Both candidates now retired to their separate rooms. Wilson understood the dangers of going on without makeup, even for the already telegenic Kennedy. “So I went back and I said, ‘You know, we’ve got to do makeup. You’ve got a great tan; you look fine.’ But the lights in 1960 in studios were just broad and heavy, not like anything you see in studios today. They were just hot as hell. And if you put a little bit of makeup all over the face, it closed the pores. They wouldn’t sweat.”

Finally, Wilson quietly ran out to get makeup, and when he returned, cleared the room of the others. “And the last thing Bob Kennedy said after I said everybody’s got to get out, was ‘Kick him in the balls, Jack.’ It was a beautiful moment, because that was the whole strategy.”

The Kennedy guys had one more trick up their sleeve. Nixon was nervously waiting for the clock to tick down to the debate’s starting time. The countdown commenced over the loudspeaker. “Five minutes to airtime.” Nixon was staring at the studio door. Now there were only three minutes left. As Wilson described it, “Nixon was still watching the door, as tense a man as I had ever seen. By then, I was sure that no one had summoned Kennedy, and I was about to dash after him, when the door swung open. Kennedy walked in and took his place, barely glancing at Nixon. Kennedy had played the clock perfectly. He had thrown his opponent off stride. He’d set him up for the kill.”
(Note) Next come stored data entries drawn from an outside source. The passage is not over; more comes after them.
theorem lemma13:
  fixes l :: "nat \<Rightarrow> nat \<Rightarrow> real" and K T :: nat and phi alpha :: real
  assumes "K \<ge> 1" and "T \<ge> 1"
    and "\<And>t k. t \<in> {1..T} \<Longrightarrow> k < K \<Longrightarrow> 0 \<le> l t k \<and> l t k \<le> 1"
    and "phi > 1" and "alpha > 0"
    and "ff_loss l K phi alpha T \<ge> Lstar l K T"
  shows "ff_Vflop l K phi alpha T
    \<le> Lstar l K T * (real T - Lstar l K T) / real T
       + (phi / (phi - 1) + phi / alpha + 2) * ff_Dflop l K phi alpha T + phi / alpha"
proof (cases "K = 1")
  case True
  have "0 \<le> Lstar l K T" "Lstar l K T \<le> real T"
    using Lstar_mono[OF assms(1,3), where t=0 and t'=T] Lstar_0[OF assms(1)]
      Lstar_le_of_nat[OF assms(1,3)] by auto
  moreover have "ff_Vflop l K phi alpha T = 0" "ff_Dflop l K phi alpha T = 0"
    using True ff_never_flop_single_expert by (simp_all add: ff_Vflop_def ff_Dflop_def)
  ultimately show ?thesis using assms(4,5) by simp
next
  case False
  then have K: "K \<ge> 2" using assms(1) by simp
  obtain t0 where t0: "t0 \<in> {1..T}" "\<not> ff_in_flop l K phi alpha t0"
    "\<forall>s\<in>{t0<..T}. ff_in_flop l K phi alpha s"
    using ff_last_flip_round[OF assms(2)] .
  let ?R = "ff_loss l K phi alpha T - Lstar l K T - mix_gap l K (ff_eta l K phi alpha t0) t0"
  let ?C = "phi / (phi - 1) + phi / alpha + 2"
  have "?R \<le> ?C * ff_Dflop l K phi alpha T"
    using ff_regret_le_last_flip[OF K assms(4,5) t0] .
  moreover have "0 \<le> ?C * ff_Dflop l K phi alpha T"
    using assms(4,5) ff_Dflop_nonneg[OF K] by simp
  ultimately have "max 0 ?R \<le> ?C * ff_Dflop l K phi alpha T" by simp
  have "ff_Vflop l K phi alpha T \<le> Lstar l K T * (real T - Lstar l K T) / real T + max 0 ?R"
    using ff_Vflop_le_last_flip[OF assms(1,3) t0(1,2) assms(6)] .
  also have "\<dots> \<le> Lstar l K T * (real T - Lstar l K T) / real T + ?C * ff_Dflop l K phi alpha T"
    using \<open>max 0 ?R \<le> _\<close> by (rule add_left_mono)
  also have "\<dots> \<le> Lstar l K T * (real T - Lstar l K T) / real T + ?C * ff_Dflop l K phi alpha T
      + phi / alpha"
    using assms(4,5) by simp
  finally show ?thesis .
qed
In fact, Nixon may have arrived already off his stride, for reasons other than his impaired health. His running mate, Henry Cabot Lodge—Jack’s old opponent, who should have known better—had warned him to try to “erase the assassin image.” In other words, Nixon was not to be his hardfisted self, but rather more of a gentleman, a Nixon who’d be unrecognizable, say, to those citizens of California who’d seen him in action against Voorhis and Helen Douglas. “Kick him in the balls” would have been more useful counsel to him as well.

“The candidates need no introduction,” the moderator, Howard K. Smith, announced to 70 million watching Americans. Richard Nixon, for his part, looked ill at ease, unshaven, middle-aged. Jack Kennedy, by contrast, seemed poised, with his legs crossed and his hands folded on his lap. Nixon sat in his chair awkwardly, his legs side by side, his hands dangling from the chair arms. He was wearing a gray suit that didn’t flatter him in the harsh light, and soon he would be perspiring profusely.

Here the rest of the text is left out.